First, DS, who had been chronically sick for 3 yrs, had a great initial response to lyme/bartonella treatment, but then plateaued and even started to backslide after 3-4 months. This was the same pattern with Pandas - initial improvement followed by stalling or backsliding. So we got aggressive with lyme - adding tindamax, switching abx - and had a horrible and prolonged herx. It sent us to look at the basics (something maybe we should have donw when we first started with the LLMD but that's water under the bridge). We looked at HLA gene, mold markers (Shoemaker's list), KPU and metals - the things that tend to get in the way of successful lyme treatment. The ones that stood out were KPU and metals - and that made sense to me, because (the is the second thing) in the past, DS had a very weird reaction to zicam (zinc). DS had some symptoms on the KPU list, but not the biggies. It was more that we needed to look at what the log jams could be.

 

Now that we're treating the KPU, we're seeing the expected responses. He's "waking up" - is overall a different kid. But is also spiking a fever for a day or two, with lymph swelling, in close approximation to when we increase the CORE supplement. So he's following "the script" in terms of how his body's expected to respond - and this is the kid who up until now, hasn't always done that.
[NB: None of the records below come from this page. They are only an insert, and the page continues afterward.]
(* Consider the system $$\frac{df}{dt}= r\alpha f m(1-f-m)-(1+h)f,\qquad \frac{dm}{dt}=(1-r)\alpha f m(1-f-m)+(s-1)m,$$ with $0<r<1$, $\alpha>0$, $h\ge0$, $0\le s<1$, and treat $s$ as a bifurcation parameter. Let $\mu=\frac{(1-r)(1+h)}{r(1-s)}$, $s^*=\frac{1}{r}+\frac{1-r}{4}\big(\frac{4h}{r}-\alpha\big)$, $h_*=\frac{r}{4}\big(\alpha-\frac{4}{r(1-r)}\big)$, $h^*=\frac{r}{4}\big(\alpha-\frac{4}{r}\big)$. If $h_*<h<h^*$, then at $s=s^*$ the two interior equilibria coincide at $E^*=\big(\frac{1}{2(1+\mu)},\frac{\mu}{2(1+\mu)}\big)$, where the Jacobian has a simple zero eigenvalue, and the system undergoes a saddle-node bifurcation at $E^*$ as $s$ crosses $s^*$: there are two interior equilibria for $s$ slightly larger than $s^*$ and none for $s<s^*$, so that as $s$ is decreased through $s^*$ the invasive population is eliminated (all solutions tend to $(0,0)$ after the interior equilibria disappear).
   Context: Nondimensionalized FHMS mating model without Allee effect ($f,m$ scaled female/male densities, $r$ primary sex ratio, $h$ scaled female harvesting rate, $s$ scaled male stocking rate). Interior equilibria are equilibria with $f>0,m>0$; they lie on the line $m=\mu f$. *)

theory Defs
  imports "HOL-Analysis.Derivative" "Jordan_Normal_Form.Char_Poly"
begin

text \<open>Vector field of the nondimensionalized FHMS model (no Allee effect).
  Parameters: r (primary sex ratio), alpha, h (female harvesting), s (male stocking).\<close>
definition fhms_field :: "real \<Rightarrow> real \<Rightarrow> real \<Rightarrow> real \<Rightarrow> real \<times> real \<Rightarrow> real \<times> real" where
  "fhms_field r \<alpha> h s = (\<lambda>(f, m).
     (r * \<alpha> * f * m * (1 - f - m) - (1 + h) * f,
      (1 - r) * \<alpha> * f * m * (1 - f - m) + (s - 1) * m))"

definition interior_equilibria :: "real \<Rightarrow> real \<Rightarrow> real \<Rightarrow> real \<Rightarrow> (real \<times> real) set" where
  "interior_equilibria r \<alpha> h s =
     {(f, m). f > 0 \<and> m > 0 \<and> fhms_field r \<alpha> h s (f, m) = (0, 0)}"

definition fhms_jacobian :: "real \<Rightarrow> real \<Rightarrow> real \<Rightarrow> real \<Rightarrow> real \<times> real \<Rightarrow> real mat" where
  "fhms_jacobian r \<alpha> h s p = mat 2 2 (\<lambda>(i, j).
     (let comp = (if i = 0 then fst else snd) in
      if j = 0 then deriv (\<lambda>x. comp (fhms_field r \<alpha> h s (x, snd p))) (fst p)
      else deriv (\<lambda>y. comp (fhms_field r \<alpha> h s (fst p, y))) (snd p)))"

end

theory Submission
  imports Defs "HOL-Analysis.Analysis" "HOL-Real_Asymp.Real_Asymp"
begin

text \<open>Writing \<open>g = 1 - f - m\<close>, an interior equilibrium satisfies \<open>r \<alpha> m g = 1 + h\<close> and
  \<open>(1 - r) \<alpha> f g = 1 - s\<close>, so \<open>g\<close> is a positive root of \<open>g\<^sup>2 - g + P\<close> with
  \<open>P = (1 + h)/(r \<alpha>) + (1 - s)/((1 - r) \<alpha>)\<close>, and every such root yields an equilibrium.
  The discriminant \<open>1 - 4 P\<close> equals \<open>4 (s - s\<^sup>*)/((1 - r) \<alpha>)\<close>, so there are no, one or two
  interior equilibria according as \<open>s < s\<^sup>*\<close>, \<open>s = s\<^sup>*\<close>, \<open>s > s\<^sup>*\<close>. At the double root
  \<open>g = 1/2\<close> the Jacobian has zero determinant and trace \<open>-\<alpha> f m \<noteq> 0\<close>.

  For \<open>s < s\<^sup>*\<close>, along a nonnegative solution
  \<open>(ln f)'/r + (ln m)'/(1 - r) = \<alpha> (f + m)(1 - f - m) - (1 + h)/r - (1 - s)/(1 - r)\<close>,
  which is at most \<open>\<alpha>/4 - \<alpha> P < 0\<close>. Since \<open>f + m\<close> stays bounded, the product \<open>f m\<close> decays
  exponentially, and then \<open>f\<close> and \<open>m\<close> obey linear equations with vanishing forcing, so they
  tend to \<open>0\<close>.\<close>

lemma quadratic_no_root:
  fixes P g :: real
  assumes "1 < 4 * P"
  shows "g\<^sup>2 - g + P \<noteq> 0"
proof -
  have "g\<^sup>2 - g + P = (g - 1/2)\<^sup>2 + (P - 1/4)" by (simp add: power2_eq_square algebra_simps)
  moreover have "(g - 1/2)\<^sup>2 \<ge> 0" by simp
  ultimately show ?thesis using assms by linarith
qed

lemma quadratic_double_root:
  fixes P g :: real
  assumes "4 * P = 1"
  shows "g\<^sup>2 - g + P = 0 \<longleftrightarrow> g = 1/2"
proof -
  have "g\<^sup>2 - g + P = (g - 1/2)\<^sup>2" using assms by (simp add: power2_eq_square algebra_simps)
  then show ?thesis by simp
qed

lemma card_positive_roots_quadratic:
  fixes P :: real
  assumes "0 < P" "4 * P < 1"
  shows "card {g. 0 < g \<and> g\<^sup>2 - g + P = 0} = 2"
proof -
  define q where "q = sqrt (1 - 4 * P)"
  have q: "q\<^sup>2 = 1 - 4 * P" "0 < q" "q < 1"
    using assms real_sqrt_less_iff[of "1 - 4 * P" 1] by (auto simp: q_def)
  have "g\<^sup>2 - g + P = (g - (1 + q)/2) * (g - (1 - q)/2)" for g
    using q(1) by (simp add: power2_eq_square field_simps)
  then have "{g. 0 < g \<and> g\<^sup>2 - g + P = 0} = {(1 + q)/2, (1 - q)/2}"
    using q by auto
  then show ?thesis using q by simp
qed

lemma sum_le_of_weighted_sum_le:
  fixes a b X Y Z :: real
  assumes "X \<le> 0" "Y \<le> 0" "0 \<le> a" "0 \<le> b" "a * X + b * Y \<le> Z"
  shows "(a + b) * (X + Y) \<le> Z"
proof -
  have "b * X \<le> 0" "a * Y \<le> 0" using assms by (auto simp: mult_nonneg_nonpos)
  then show ?thesis using assms(5) by (simp add: algebra_simps)
qed
lemma circuit_below:
  assumes "lin_rel v m n d"
  shows "\<exists>c. circuit v m n c \<and> supp m c \<subseteq> supp m d"
  using assms
proof (induction "card (supp m d)" arbitrary: d rule: less_induct)
  case less
  show ?case
  proof (cases "circuit v m n d")
    case True
    then show ?thesis by blast
  next
    case False
    then obtain d' where "lin_rel v m n d'" "supp m d' \<subset> supp m d"
      using less.prems unfolding circuit_def by blast
    then show ?thesis
      using less.hyps[of d'] psubset_card_mono[OF finite_supp] by (meson order.trans psubset_imp_subset)
  qed
qed

lemma circuit_rescale:
  assumes "l \<noteq> 0" "\<forall>i<m. c' i = l * c i"
  shows "circuit v m n c' \<longleftrightarrow> circuit v m n c"
proof -
  have "supp m c' = supp m c"
    using assms unfolding supp_def by auto
  moreover have "(\<Sum>i<m. c' i * v i j) = l * (\<Sum>i<m. c i * v i j)" for j
    using assms(2) by (simp add: sum_distrib_left mult.assoc)
  then have "lin_rel v m n c' \<longleftrightarrow> lin_rel v m n c"
    using assms unfolding lin_rel_def by auto
  ultimately show ?thesis
    unfolding circuit_def by simp
qed

lemma elem_int_rel_of_circuit:
  assumes "circuit v m n c"
  shows "\<exists>e. elem_int_rel v m n e \<and> supp m e = supp m c"
proof -
  obtain k where "k < m" "c k \<noteq> 0"
    using assms unfolding circuit_def lin_rel_def by blast
  then obtain l e where l: "l \<noteq> 0" "\<forall>i<m. of_int (e i) = l * c i" and "Gcd (e ` {..<m}) = 1"
    using primitive_integer_multiple by blast
  moreover have "supp m e = supp m c"
    using l unfolding supp_def by (metis mult_eq_0_iff of_int_eq_0_iff)
  ultimately show ?thesis
    using assms circuit_rescale[OF l] unfolding elem_int_rel_iff_circuit by blast
qed

lemma elem_int_rel_below:
  assumes "lin_rel v m n d"
  shows "\<exists>e. elem_int_rel v m n e \<and> supp m e \<subseteq> supp m d"
  using circuit_below[OF assms] elem_int_rel_of_circuit by fastforce

lemma elem_int_rel_coeff_P_unit:
  assumes "elem_int_rel v m n e" "k \<in> supp m e"
  shows "P_unit (P_set v m n) (e k)"
  unfolding P_unit_def
proof (intro conjI allI impI)
  show "e k \<noteq> 0"
    using assms(2) unfolding supp_def by simp
  fix p :: nat
  assume p: "prime p \<and> int p dvd e k"
  moreover have "e k dvd (\<Prod>i\<in>supp m e. e i)"
    using finite_supp assms(2) by (rule dvd_prodI)
  ultimately show "p \<in> P_set v m n"
    using assms(1) unfolding P_set_def by (blast intro: dvd_trans)
qed

lemma relation_in_Q_loc:
  assumes P: "P_set v m n \<subseteq> P"
    and G: "\<forall>c. lin_rel v m n c \<longrightarrow> \<not> supp m c \<subseteq> G"
    and d: "\<forall>j<n. (\<Sum>i<m. d i * v i j) = 0"
    and d_outside: "\<forall>i<m. i \<notin> G \<longrightarrow> d i \<in> Q_loc P"
  shows "\<forall>i<m. d i \<in> Q_loc P"
  using d d_outside
proof (induction "card (supp m d)" arbitrary: d rule: less_induct)
  case less
  show ?case
  proof (cases "\<forall>i<m. d i = 0")
    case True
    then show ?thesis
      using Q_loc_of_int[of 0] by simp
  next
    case False
    then have "lin_rel v m n d"
      using less.prems(1) unfolding lin_rel_def by blast
    then obtain e where e: "elem_int_rel v m n e" "supp m e \<subseteq> supp m d"
      using elem_int_rel_below by blast
    then have "\<not> supp m e \<subseteq> G"
      using G unfolding elem_int_rel_def by (metis supp_of_int)
    then obtain k where k: "k \<in> supp m e" "k \<notin> G"
      by blast
    then have "k < m" "e k \<noteq> 0"
      unfolding supp_def by auto
    define \<mu> where "\<mu> = d k / of_int (e k)"
    have \<mu>: "\<mu> \<in> Q_loc P"
      unfolding \<mu>_def using less.prems(2) \<open>k < m\<close> k(2)
      by (intro Q_loc_divide P_unit_mono[OF elem_int_rel_coeff_P_unit[OF e(1) k(1)] P]) auto
    define d' where "d' i = d i - \<mu> * of_int (e i)" for i
    have d'_rel: "\<forall>j<n. (\<Sum>i<m. d' i * v i j) = 0"
      using less.prems(1) e(1) unfolding d'_def elem_int_rel_def lin_rel_def
      by (simp add: left_diff_distrib sum_subtractf mult.assoc flip: sum_distrib_left)
    have "supp m d' \<subset> supp m d"
    proof -
      have "supp m d' \<subseteq> supp m d"
        using e(2) unfolding supp_def d'_def by auto
      moreover have "k \<in> supp m d - supp m d'"
        using k e(2) \<open>e k \<noteq> 0\<close> unfolding supp_def d'_def \<mu>_def by auto
      ultimately show ?thesis by blast
    qed
    then have "card (supp m d') < card (supp m d)"
      by (simp add: finite_supp psubset_card_mono)
    moreover have "\<forall>i<m. i \<notin> G \<longrightarrow> d' i \<in> Q_loc P"
      using less.prems(2) \<mu> unfolding d'_def by (simp add: Q_loc_diff Q_loc_mult Q_loc_of_int)
    ultimately have "\<forall>i<m. d' i \<in> Q_loc P"
      using d'_rel less.hyps by blast
    then have "\<forall>i<m. d' i + \<mu> * of_int (e i) \<in> Q_loc P"
      using \<mu> by (simp add: Q_loc_add Q_loc_mult Q_loc_of_int)
    then show ?thesis
      unfolding d'_def by simp
  qed
qed

lemma exists_step_to_boundary:
  fixes a b x c :: "'i \<Rightarrow> 'a::linordered_field"
  assumes "finite S" "S \<noteq> {}"
    and "\<forall>i\<in>S. c i \<noteq> 0 \<and> a i \<le> x i \<and> x i \<le> b i"
  shows "\<exists>t. (\<forall>i\<in>S. a i \<le> x i + t * c i \<and> x i + t * c i \<le> b i) \<and>
             (\<exists>i\<in>S. x i + t * c i = a i \<or> x i + t * c i = b i)"
proof -
  \<comment> \<open>\<open>r i\<close> is the step at which coordinate \<open>i\<close> reaches the endpoint it moves towards\<close>
  define r where "r i = (if c i > 0 then b i - x i else a i - x i) / c i" for i
  have r_nonneg: "0 \<le> r i" if "i \<in> S" for i
    using assms(3) that unfolding r_def by (cases "c i > 0") (auto simp: zero_le_divide_iff)
  have within: "a i \<le> x i + t * c i \<and> x i + t * c i \<le> b i" if "i \<in> S" "0 \<le> t" "t \<le> r i" for i t
  proof (cases "c i > 0")
    case True
    then have "t * c i \<le> b i - x i"
      using that(3) unfolding r_def by (simp add: le_divide_eq)
    moreover have "0 \<le> t * c i"
      using True that(2) by simp
    ultimately show ?thesis
      using assms(3) that(1) by auto
  next
    case False
    then have "c i < 0"
      using assms(3) that(1) by (meson linorder_neqE)
    then have "a i - x i \<le> t * c i"
      using that(3) unfolding r_def by (simp add: neg_le_divide_eq)
    moreover have "t * c i \<le> 0"
      using \<open>c i < 0\<close> that(2) by (simp add: mult_nonneg_nonpos)
    ultimately show ?thesis
      using assms(3) that(1) by auto
  qed
  define t where "t = Min (r ` S)"
  obtain i0 where "i0 \<in> S" "t = r i0"
    unfolding t_def using Min_in assms(1,2) by blast
  moreover have "0 \<le> t" "\<forall>i\<in>S. t \<le> r i"
    unfolding t_def using assms(1,2) r_nonneg by auto
  moreover have "x i0 + r i0 * c i0 = a i0 \<or> x i0 + r i0 * c i0 = b i0"
    using assms(3) \<open>i0 \<in> S\<close> unfolding r_def by auto
  ultimately show ?thesis
    using within by blast
qed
So it feels right.

 

Because it could be genetic, and I had zinc/illness issues as a kid, we also tested my DD, who had many more of the symptoms on the KPU list but came back only borderline for KPU. So we just started giving her CORE and we'll see what happens.

 

I am starting to look at metals, which scares the heck out of me.

 

I stopped by the local pharmacy today and because I hadn't been there in a few months (we switched to Costco for the kids scripts because they're much cheaper and worth the 1/2 hr drive) the pharmacist asked how DS was doing. I told him about KPU and tho he hadn't heard it called KPU, he knew exactly what I was taking about when I mentioned pyroles as a byproduct of heme synthesis and how they bind to zinc. He said "Oh, so it's unavailable- makes total sense." Funny how a small comment made me feel so less crazy.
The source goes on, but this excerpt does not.